GOAL OF THE EXERCISE -> Word for word, restate the entries below from their first line through the line that contains "s A \<longleftrightarrow>".

DATA LISTING ->
section \<open>Hausdorff null sets\<close>

definition hausdorff_null :: "real \<Rightarrow> real set \<Rightarrow> bool" where
  "hausdorff_null s A \<longleftrightarrow> (\<forall>\<delta>>0. \<forall>\<epsilon>>0. \<exists>U :: nat \<Rightarrow> real set. A \<subseteq> (\<Union>i. U i) \<and>
     (\<forall>i. bounded (U i) \<and> diameter (U i) \<le> \<delta>) \<and> (\<Sum>i. ennreal (diameter (U i) powr s)) < ennreal \<epsilon>)"

lemma hausdorff_nullD:
  assumes "hausdorff_null s A" and "\<delta> > 0" and "\<epsilon> > 0"
  shows "\<exists>U :: nat \<Rightarrow> real set. A \<subseteq> (\<Union>i. U i) \<and>
     (\<forall>i. bounded (U i) \<and> diameter (U i) \<le> \<delta>) \<and> (\<Sum>i. ennreal (diameter (U i) powr s)) < ennreal \<epsilon>"
  using assms unfolding hausdorff_null_def by blast

lemma hausdorff_pre_eq_0_iff:
  "hausdorff_pre s \<delta> A = 0 \<longleftrightarrow> (\<forall>\<epsilon>>0. \<exists>U :: nat \<Rightarrow> real set. A \<subseteq> (\<Union>i. U i) \<and>
     (\<forall>i. bounded (U i) \<and> diameter (U i) \<le> \<delta>) \<and> (\<Sum>i. ennreal (diameter (U i) powr s)) < ennreal \<epsilon>)"
proof -
  define cover where
    "cover U \<longleftrightarrow> A \<subseteq> (\<Union>i. U i) \<and> (\<forall>i. bounded (U i) \<and> diameter (U i) \<le> \<delta>)"
    for U :: "nat \<Rightarrow> real set"
  define \<sigma> where "\<sigma> U = (\<Sum>i. ennreal (diameter (U i) powr s))" for U :: "nat \<Rightarrow> real set"
  have "hausdorff_pre s \<delta> A = Inf (\<sigma> ` {U. cover U})"
    unfolding hausdorff_pre_def cover_def \<sigma>_def image_Collect ..
  then have "hausdorff_pre s \<delta> A = 0 \<longleftrightarrow> (\<forall>x>0. \<exists>U. cover U \<and> \<sigma> U < x)"
    unfolding bot_ennreal[symmetric] Inf_eq_bot_iff by auto
  also have "\<dots> \<longleftrightarrow> (\<forall>\<epsilon>>0. \<exists>U. cover U \<and> \<sigma> U < ennreal \<epsilon>)"
  proof
    assume small: "\<forall>\<epsilon>>0. \<exists>U. cover U \<and> \<sigma> U < ennreal \<epsilon>"
    show "\<forall>x>0. \<exists>U. cover U \<and> \<sigma> U < x"
    proof (intro allI impI)
      fix x :: ennreal assume "x > 0"
      obtain \<epsilon> where "\<epsilon> > 0" and "ennreal \<epsilon> \<le> x"
      proof (cases x rule: ennreal_cases)
        case (real r)
        then show ?thesis using that[of r] \<open>x > 0\<close> by auto
      next
        case top
        then show ?thesis using that[of 1] by simp
      qed
      then show "\<exists>U. cover U \<and> \<sigma> U < x" using small less_le_trans by blast
    qed
  qed simp
  finally show ?thesis by (simp add: cover_def \<sigma>_def)
qed

lemma hausdorff_measure_eq_0_iff: "hausdorff_measure s A = 0 \<longleftrightarrow> hausdorff_null s A"
proof -
  have "hausdorff_measure s A = 0 \<longleftrightarrow> (\<forall>\<delta>\<in>{0<..}. hausdorff_pre s \<delta> A = 0)"
    unfolding hausdorff_measure_def bot_ennreal[symmetric] by (rule SUP_bot_conv(1))
  then show ?thesis
    unfolding hausdorff_null_def by (simp only: hausdorff_pre_eq_0_iff greaterThan_iff Ball_def)
qed

lemma hausdorff_null_subset: "hausdorff_null s A \<Longrightarrow> B \<subseteq> A \<Longrightarrow> hausdorff_null s B"
  unfolding hausdorff_null_def by (meson order_trans)

lemma hausdorff_null_countable:
  assumes "s > 0" and "countable A"
  shows "hausdorff_null s A"
proof -
  have "hausdorff_null s (range f)" for f :: "nat \<Rightarrow> real"
    unfolding hausdorff_null_def
  proof (intro allI impI)
    fix \<delta> \<epsilon> :: real assume "\<delta> > 0" "\<epsilon> > 0"
    then show "\<exists>U :: nat \<Rightarrow> real set. range f \<subseteq> (\<Union>i. U i) \<and> (\<forall>i. bounded (U i) \<and> diameter (U i) \<le> \<delta>)
        \<and> (\<Sum>i. ennreal (diameter (U i) powr s)) < ennreal \<epsilon>"
      by (intro exI[of _ "\<lambda>i. {f i}"]) auto
  qed
  then show ?thesis
    using subset_range_from_nat_into[OF \<open>countable A\<close>] by (rule hausdorff_null_subset)
qed

lemma hausdorff_null_UN:
  fixes A :: "nat \<Rightarrow> real set"
  assumes "\<And>n. hausdorff_null s (A n)"
  shows "hausdorff_null s (\<Union>n. A n)"
  unfolding hausdorff_null_def
proof (intro allI impI)
  fix \<delta> \<epsilon> :: real assume "\<delta> > 0" "\<epsilon> > 0"
  then have "\<forall>n. \<exists>U :: nat \<Rightarrow> real set. A n \<subseteq> (\<Union>i. U i) \<and>
     (\<forall>i. bounded (U i) \<and> diameter (U i) \<le> \<delta>) \<and>
     (\<Sum>i. ennreal (diameter (U i) powr s)) < ennreal (\<epsilon> / 4 * (1/2) ^ n)"
    using assms unfolding hausdorff_null_def by simp
  then obtain U :: "nat \<Rightarrow> nat \<Rightarrow> real set" where
    cover: "\<And>n. A n \<subseteq> (\<Union>i. U n i)" and
    small: "\<And>n i. bounded (U n i) \<and> diameter (U n i) \<le> \<delta>" and
    sum: "\<And>n. (\<Sum>i. ennreal (diameter (U n i) powr s)) < ennreal (\<epsilon> / 4 * (1/2) ^ n)"
    by metis
  define V where "V i = (case prod_decode i of (n, j) \<Rightarrow> U n j)" for i
  have "(\<Union>n. A n) \<subseteq> (\<Union>i. V i)"
  proof
    fix x assume "x \<in> (\<Union>n. A n)"
    then obtain n j where "x \<in> U n j" using cover by blast
    then have "x \<in> V (prod_encode (n, j))" by (simp add: V_def)
    then show "x \<in> (\<Union>i. V i)" by blast
  qed
  moreover have "bounded (V i) \<and> diameter (V i) \<le> \<delta>" for i
    unfolding V_def using small by (simp split: prod.split)
  moreover have "(\<Sum>i. ennreal (diameter (V i) powr s)) < ennreal \<epsilon>"
  proof -
    define g where "g = (\<lambda>(n, j). ennreal (diameter (U n j) powr s))"
    have "ennreal (diameter (V i) powr s) = g (prod_decode i)" for i
      by (simp add: V_def g_def split: prod.split)
    then have "(\<Sum>i. ennreal (diameter (V i) powr s)) = (\<Sum>i. g (prod_decode i))"
      by simp
    also have "\<dots> = (\<Sum>n. \<Sum>j. ennreal (diameter (U n j) powr s))"
      by (rule suminf_ennreal_2dimen) (simp add: g_def)
    also have "\<dots> \<le> (\<Sum>n. ennreal (\<epsilon> / 4 * (1/2) ^ n))"
      by (intro suminf_le) (use sum in \<open>auto simp: less_imp_le intro: summableI\<close>)
    also have "\<dots> = ennreal (\<Sum>n. \<epsilon> / 4 * (1/2) ^ n)"
      by (rule suminf_ennreal2) (use \<open>\<epsilon> > 0\<close> in \<open>auto intro: summable_mult summable_geometric\<close>)
    also have "(\<Sum>n. \<epsilon> / 4 * (1/2::real) ^ n) = \<epsilon> / 2"
      by (subst suminf_mult[OF summable_geometric]) (auto simp: suminf_geometric)
    also have "ennreal (\<epsilon> / 2) < ennreal \<epsilon>"
      using \<open>\<epsilon> > 0\<close> by (simp add: ennreal_lessI)
    finally show ?thesis .
  qed
  ultimately show "\<exists>U :: nat \<Rightarrow> real set. (\<Union>n. A n) \<subseteq> (\<Union>i. U i) \<and>
     (\<forall>i. bounded (U i) \<and> diameter (U i) \<le> \<delta>) \<and> (\<Sum>i. ennreal (diameter (U i) powr s)) < ennreal \<epsilon>"
    by blast
qed

lemma hausdorff_null_Un:
  assumes "hausdorff_null s A" and "hausdorff_null s B"
  shows "hausdorff_null s (A \<union> B)"
proof -
  have "A \<union> B = (\<Union>n::nat. if n = 0 then A else B)" by (auto split: if_splits)
  also have "hausdorff_null s \<dots>" by (rule hausdorff_null_UN) (use assms in auto)
  finally show ?thesis .
qed

lemma bounded_diameter_lipschitz_image:
  fixes f :: "real \<Rightarrow> real"
  assumes "L-lipschitz_on A f" and "bounded U"
  shows "bounded (f ` (U \<inter> A)) \<and> diameter (f ` (U \<inter> A)) \<le> L * diameter U"
proof (cases "U \<inter> A = {}")
  case True
  then show ?thesis using lipschitz_on_nonneg[OF assms(1)] diameter_ge_0[OF assms(2)] by simp
next
  case False
  then obtain a where a: "a \<in> U \<inter> A" by blast
  have close: "\<bar>f x1 - f x2\<bar> \<le> L * diameter U" if "x1 \<in> U \<inter> A" "x2 \<in> U \<inter> A" for x1 x2
  proof -
    have "\<bar>f x1 - f x2\<bar> \<le> L * dist x1 x2"
      using lipschitz_onD[OF assms(1)] that by (simp add: dist_real_def)
    also have "\<dots> \<le> L * diameter U"
      using diameter_bounded_bound[OF assms(2)] lipschitz_on_nonneg[OF assms(1)] that
      by (intro mult_left_mono) auto
    finally show ?thesis .
  qed
  have "bounded (f ` (U \<inter> A))"
    unfolding bounded_def using close a by (auto simp: dist_real_def)
  moreover have "diameter (f ` (U \<inter> A)) \<le> L * diameter U"
    by (rule diameter_le) (use a close in auto)
  ultimately show ?thesis ..
qed

lemma hausdorff_null_lipschitz_image:
  fixes f :: "real \<Rightarrow> real"
  assumes "s > 0" and "L-lipschitz_on A f" and "hausdorff_null s A"
  shows "hausdorff_null s (f ` A)"
  unfolding hausdorff_null_def
proof (intro allI impI)
  fix \<delta> \<epsilon> :: real assume "\<delta> > 0" "\<epsilon> > 0"
  define L' where "L' = L + 1"
  have "L' > 0" using lipschitz_on_nonneg[OF assms(2)] by (simp add: L'_def)
  have lip: "L'-lipschitz_on A f"
    using assms(2) by (rule lipschitz_on_le) (simp add: L'_def)
  have "\<delta> / L' > 0" and "\<epsilon> / L' powr s > 0" using \<open>\<delta> > 0\<close> \<open>\<epsilon> > 0\<close> \<open>L' > 0\<close> by simp_all
  then obtain U :: "nat \<Rightarrow> real set" where cover: "A \<subseteq> (\<Union>i. U i)"
    and small: "\<And>i. bounded (U i) \<and> diameter (U i) \<le> \<delta> / L'"
    and sum: "(\<Sum>i. ennreal (diameter (U i) powr s)) < ennreal (\<epsilon> / L' powr s)"
    using hausdorff_nullD[OF assms(3)] by blast
  define V where "V i = f ` (U i \<inter> A)" for i
  have V: "bounded (V i) \<and> diameter (V i) \<le> L' * diameter (U i)" for i
    unfolding V_def using bounded_diameter_lipschitz_image[OF lip, of "U i"] small[of i] by blast
  have "f ` A \<subseteq> (\<Union>i. V i)" unfolding V_def using cover by blast
  moreover have "bounded (V i) \<and> diameter (V i) \<le> \<delta>" for i
  proof -
    have "L' * diameter (U i) \<le> L' * (\<delta> / L')"
      using small[of i] \<open>L' > 0\<close> by (intro mult_left_mono) auto
    then show ?thesis using V[of i] \<open>L' > 0\<close> by simp
  qed
  moreover have "(\<Sum>i. ennreal (diameter (V i) powr s)) < ennreal \<epsilon>"
  proof -
    have "ennreal (diameter (V i) powr s) \<le> ennreal (L' powr s) * ennreal (diameter (U i) powr s)" for i
    proof -
      have "diameter (V i) powr s \<le> (L' * diameter (U i)) powr s"
        using V[of i] \<open>s > 0\<close> by (intro powr_mono2) (auto simp: diameter_ge_0)
      also have "\<dots> = L' powr s * diameter (U i) powr s"
        using \<open>L' > 0\<close> small[of i] by (simp add: powr_mult diameter_ge_0)
      finally show ?thesis by (simp add: ennreal_mult[symmetric] ennreal_leI)
    qed
    then have "(\<Sum>i. ennreal (diameter (V i) powr s)) \<le> (\<Sum>i. ennreal (L' powr s) * ennreal (diameter (U i) powr s))"
      by (intro suminf_le) (auto intro: summableI)
    also have "\<dots> = ennreal (L' powr s) * (\<Sum>i. ennreal (diameter (U i) powr s))"
      by (rule ennreal_suminf_cmult)
    also have "\<dots> < ennreal (L' powr s) * ennreal (\<epsilon> / L' powr s)"
      using sum \<open>L' > 0\<close> by (intro ennreal_mult_strict_left_mono) auto
    also have "\<dots> = ennreal \<epsilon>"
      using \<open>L' > 0\<close> \<open>\<epsilon> > 0\<close> by (simp add: ennreal_mult[symmetric])
    finally show ?thesis .
  qed
  ultimately show "\<exists>U :: nat \<Rightarrow> real set. f ` A \<subseteq> (\<Union>i. U i) \<and>
     (\<forall>i. bounded (U i) \<and> diameter (U i) \<le> \<delta>) \<and> (\<Sum>i. ennreal (diameter (U i) powr s)) < ennreal \<epsilon>"
    by blast
qed

section \<open>Comparison of the exceptional sets\<close>

lemma lipschitz_on_mobius_inverse:
  assumes "r > 0" and "N > 0"
  shows "(1 / r\<^sup>2)-lipschitz_on {y. r \<le> \<bar>y\<bar>} (\<lambda>y. real m + 1 / (real N * y))"
proof (rule lipschitz_onI)
  fix x y assume "x \<in> {y. r \<le> \<bar>y\<bar>}" and "y \<in> {y. r \<le> \<bar>y\<bar>}"
  then have x: "r \<le> \<bar>x\<bar>" and y: "r \<le> \<bar>y\<bar>" by auto
  then have "x \<noteq> 0" and "y \<noteq> 0" using \<open>r > 0\<close> by auto
  have "r\<^sup>2 \<le> \<bar>x\<bar> * \<bar>y\<bar>"
    unfolding power2_eq_square using x y \<open>r > 0\<close> by (intro mult_mono) auto
  also have "\<dots> \<le> real N * \<bar>x\<bar> * \<bar>y\<bar>"
    using \<open>N > 0\<close> mult_right_mono[of 1 "real N" "\<bar>x\<bar> * \<bar>y\<bar>"] by (simp add: mult.assoc)
  finally have denom: "r\<^sup>2 \<le> real N * \<bar>x\<bar> * \<bar>y\<bar>" .
  have "(real m + 1 / (real N * x)) - (real m + 1 / (real N * y)) = (y - x) / (real N * x * y)"
    using \<open>x \<noteq> 0\<close> \<open>y \<noteq> 0\<close> \<open>N > 0\<close> by (simp add: field_simps)
  then have "dist (real m + 1 / (real N * x)) (real m + 1 / (real N * y)) = \<bar>x - y\<bar> / (real N * \<bar>x\<bar> * \<bar>y\<bar>)"
    by (simp add: dist_real_def abs_divide abs_mult abs_minus_commute)
  also have "\<dots> \<le> \<bar>x - y\<bar> / r\<^sup>2"
    using denom \<open>x \<noteq> 0\<close> \<open>y \<noteq> 0\<close> \<open>N > 0\<close> \<open>r > 0\<close> by (intro divide_left_mono mult_pos_pos) auto
  finally show "dist (real m + 1 / (real N * x)) (real m + 1 / (real N * y)) \<le> 1 / r\<^sup>2 * dist x y"
    by (simp add: dist_real_def)
qed simp
text \<open>Both sides run over a word together with a set of its positions: a shuffle \<open>w\<close> of \<open>u\<close> and
  \<open>v\<close> together with the positions of \<open>u\<close> in it.\<close>

lemma sum_shuffles_shuffle_mult:
  fixes F :: "'a list \<Rightarrow> 'a list \<Rightarrow> 'a list \<Rightarrow> 'b::comm_semiring_1"
  assumes "finite P" and "finite W"
    and shuffles_in: "\<And>u v. (u, v) \<in> P \<Longrightarrow> shuffles u v \<subseteq> W"
    and split_in: "\<And>w I. w \<in> W \<Longrightarrow> I \<subseteq> {..<length w} \<Longrightarrow> (nths w I, nths w ({..<length w} - I)) \<in> P"
  shows "(\<Sum>(u, v)\<in>P. \<Sum>w\<in>shuffles u v. of_nat (shuffle_mult u v w) * F u v w)
       = (\<Sum>w\<in>W. \<Sum>I\<in>Pow {..<length w}. F (nths w I) (nths w ({..<length w} - I)) w)"
proof -
  let ?C = "\<lambda>w I. {..<length w} - I"
  have "(\<Sum>(u, v)\<in>P. \<Sum>w\<in>shuffles u v. of_nat (shuffle_mult u v w) * F u v w)
      = (\<Sum>(u, v)\<in>P. \<Sum>(w, I)\<in>Sigma (shuffles u v) (shuffle_positions u v). F u v w)"
    by (intro sum.cong refl) (auto simp: shuffle_mult_eq_card sum.Sigma[symmetric])
  also have "\<dots> = (\<Sum>((u, v), w, I)\<in>Sigma P (\<lambda>(u, v). Sigma (shuffles u v) (shuffle_positions u v)).
      F u v w)"
    using \<open>finite P\<close> by (simp add: sum.Sigma case_prod_unfold)
  also have "\<dots> = (\<Sum>(w, I)\<in>Sigma W (\<lambda>w. Pow {..<length w}). F (nths w I) (nths w (?C w I)) w)"
    by (rule sum.reindex_bij_witness[of _ "\<lambda>(w, I). ((nths w I, nths w (?C w I)), w, I)" snd])
      (use split_in nths_in_shuffles in \<open>auto simp: shuffle_positions_def length_nths_eq_card
          intro: subsetD[OF shuffles_in]\<close>)
  also have "\<dots> = (\<Sum>w\<in>W. \<Sum>I\<in>Pow {..<length w}. F (nths w I) (nths w (?C w I)) w)"
    using \<open>finite W\<close> by (subst sum.Sigma) auto
  finally show ?thesis .
qed

lemma shuffles_map: "shuffles (map f u) (map f v) = map f ` shuffles u v"
  by (induction u v rule: shuffles.induct) (auto simp: image_Un image_image)

definition grouplike_on :: "'a set \<Rightarrow> ('a list \<Rightarrow> complex) \<Rightarrow> bool" where
  "grouplike_on A T \<longleftrightarrow> T [] = 1 \<and> (\<forall>u v. set u \<subseteq> A \<longrightarrow> set v \<subseteq> A \<longrightarrow>
      T u * T v = (\<Sum>w\<in>shuffles u v. T w * of_nat (shuffle_mult u v w)))"

lemma grouplike_imp_grouplike_on: "grouplike S \<Longrightarrow> grouplike_on A S"
  by (auto simp: grouplike_def grouplike_on_def coproduct_def fun_eq_iff)

lemma grouplike_on_map:
  assumes "inj_on f A" and "grouplike_on (f ` A) S"
  shows "grouplike_on A (\<lambda>w. S (map f w))"
  unfolding grouplike_on_def
proof (intro conjI allI impI)
  show "S (map f []) = 1"
    using assms(2) by (simp add: grouplike_on_def)
  fix u v assume u: "set u \<subseteq> A" and v: "set v \<subseteq> A"
  have inj_words: "inj_on f (set w1 \<union> set w2)" if "set w1 \<subseteq> A" "set w2 \<subseteq> A" for w1 w2
    using that by (intro inj_on_subset[OF assms(1)]) simp
  have in_A: "set w \<subseteq> A" if "w \<in> shuffles u v" for w
    using set_shuffles[OF that] u v by simp
  have inj_map: "inj_on (map f) (shuffles u v)"
    by (rule inj_onI) (use in_A inj_words inj_on_map_eq_map in blast)
  have "shuffle_mult (map f u) (map f v) (map f w) = shuffle_mult u v w" if "w \<in> shuffles u v" for w
  proof -
    have sub: "set (nths w I) \<subseteq> A" for I
      using in_A[OF that] set_nths_subset[of w I] by blast
    have "(map f (nths w I) = map f u) = (nths w I = u)" "(map f (nths w I) = map f v) = (nths w I = v)"
      for I
      using inj_on_map_eq_map[OF inj_words[OF sub u]] inj_on_map_eq_map[OF inj_words[OF sub v]] by auto
    then show ?thesis
      by (simp add: shuffle_mult_def nths_map)
  qed
  moreover have "set (map f u) \<subseteq> f ` A" "set (map f v) \<subseteq> f ` A"
    using u v by auto
  then have "S (map f u) * S (map f v)
      = (\<Sum>w'\<in>shuffles (map f u) (map f v). S w' * of_nat (shuffle_mult (map f u) (map f v) w'))"
    using assms(2) by (simp add: grouplike_on_def)
  ultimately show "S (map f u) * S (map f v)
      = (\<Sum>w\<in>shuffles u v. S (map f w) * of_nat (shuffle_mult u v w))"
    by (simp add: shuffles_map sum.reindex[OF inj_map])
qed

text \<open>A letter \<open>(i, j)\<close> of \<open>A\<close> contributes the variable \<open>\<rho>_i\<close> and acts by the operator \<open>L j\<close>;
  the coefficient of the monomial \<open>m\<close> collects the words whose letters carry the variables \<open>m\<close>.\<close>

definition words_of_content :: "('i \<times> 'j) set \<Rightarrow> 'i multiset \<Rightarrow> ('i \<times> 'j) list set" where
  "words_of_content A m = {w. set w \<subseteq> A \<and> mset (map fst w) = m}"

definition word_series ::
  "(complex \<Rightarrow> 'r::comm_ring_1) \<Rightarrow> ('j \<Rightarrow> 'r \<Rightarrow> 'r) \<Rightarrow> ('i \<times> 'j) set \<Rightarrow> (('i \<times> 'j) list \<Rightarrow> complex)
    \<Rightarrow> ('i, 'r) op_series"
  where "word_series \<kappa> L A T m q = (\<Sum>w\<in>words_of_content A m. \<kappa> (T w) * word_action L (map snd w) q)"

lemma finite_words_of_content [simp]: "finite A \<Longrightarrow> finite (words_of_content A m)"
  by (rule finite_subset[of _ "{w. set w \<subseteq> A \<and> length w \<le> size m}"])
    (auto simp: words_of_content_def dest: arg_cong[where f=size] intro: finite_lists_length_le)

lemma words_of_content_empty [simp]: "words_of_content A {#} = {[]}"
  by (auto simp: words_of_content_def)

lemma Dmap_eq_word_series:
  "Dmap n h S = word_series (\<lambda>c. [:c:]) letter_op ({..<n} \<times> {..2}) (\<lambda>w. S (map (\<lambda>(i, j). (h i, j)) w))"
  by (simp add: fun_eq_iff Dmap_def word_series_def words_of_content_def word_op_eq_word_action)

EXERCISE RESPONSE ->
section \<open>Hausdorff null sets\<close>

definition hausdorff_null :: "real \<Rightarrow> real set \<Rightarrow> bool" where
  "hausdorff_null s A \<longleftrightarrow> (\<forall>\<delta>>0. \<forall>\<epsilon>>0. \<exists>U :: nat \<Rightarrow> real set. A \<subseteq> (\<Union>i. U i) \<and>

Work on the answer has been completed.